Remix.run Logo
pfdietz 2 days ago

No, that is how natural geothermal energy works. Perhaps you mistakenly thought I was saying the heat comes from sunlight? I didn't. The heat comes from below (or, in some cases, from internal radioactive decay). And this delivery of heat from below (or from decay) is a slow process, taking a very long time, which is why geothermal resources have to be buried deeply (otherwise, that heat just leaks out and the temperature of the geothermal resource is too low).

lxgr 2 days ago | parent [-]

Yeah, "accumulate the heat over thousands of years" indeed sounds a bit misleading to me. The heat is largely already there (or is generated pretty uniformly through radioactive processes), it's just slowly transmitted outwards down a gradient.

pfdietz 2 days ago | parent [-]

No, the heat is not already there. The heat comes in and goes out; the heat energy initially in the crust decays away exponentially with time and has no effect on the steady stage temperature gradient.

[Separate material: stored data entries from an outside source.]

theorem theorem1p9:
  fixes n k :: nat and i :: "nat \<Rightarrow> nat"
  assumes "n \<ge> 2" and "k \<ge> 1"
    and "strict_mono_on {1..k} i" and "1 \<le> i 1" and "i k \<le> n - 1"
  shows "\<forall>S. (\<Sum>j\<in>interlacing n k i.
            (-1) ^ (\<Sum>t=1..k. j t - i t) *
            sdiffop (esym (int n - int k - int (\<Sum>t=1..k. j t - i t)) (n - 1))
                    (dops n j k (of_x (Delta n))) S) = 0"
proof -
  define b where "b t = (if t \<le> k then i t else n)" for t
  let ?A = "\<lambda>j. b 1 + (\<Sum>t=1..k. b (Suc t) - 1 - j t)"
  have b: "strict_mono_on {1..Suc k} b" "1 \<le> b 1" "b (Suc k) = n"
    using assms strict_mono_on_extend[OF assms(3,2), of n] by (simp_all add: b_def[abs_def])
  have degree: "(\<Sum>t=1..k. j t - i t) + ?A j + k = n" if "j \<in> interlacing_box k b" for j
    using interlacing_box_degree[OF b(1) that] b(3) by (simp add: b_def)
  have "(\<Sum>j\<in>interlacing n k i. (-1) ^ (\<Sum>t=1..k. j t - i t) *
      sdiffop (esym (int n - int k - int (\<Sum>t=1..k. j t - i t)) (n - 1)) (dops n j k (of_x (Delta n))) S) =
      (-1) ^ (n - k) * (\<Sum>j\<in>interlacing_box k b. sdiffop (X n ^ ?A j) (dops n j k (of_x (Delta n)))) S"
    for S
    unfolding interlacing_eq_interlacing_box[OF assms(2)] b_def[abs_def, symmetric] sum_apply
      sum_distrib_left
    using assms(1) degree by (intro sum.cong refl signed_esym_dops_Delta) auto
  then show ?thesis
    using sum_interlacing_box_Delta_eq_0[OF assms(1) strict_mono_on_imp_mono_on[OF b(1)] b(2,3)] by simp
qed

end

lxgr 2 days ago | parent [-]

What do you mean? It's already in the core and gradually reaches us through the crust. What's your point/distinction here, exactly?

pfdietz 2 days ago | parent [-]

It was not initially in the rocks that we are tapping for geothermal energy, which would be a few kilometers. I wasn't talking about the Earth as a whole. Remember, this is about why so much more thickness is needed for the rocks for ordinary geothermal energy systems, vs. artificial geothermal.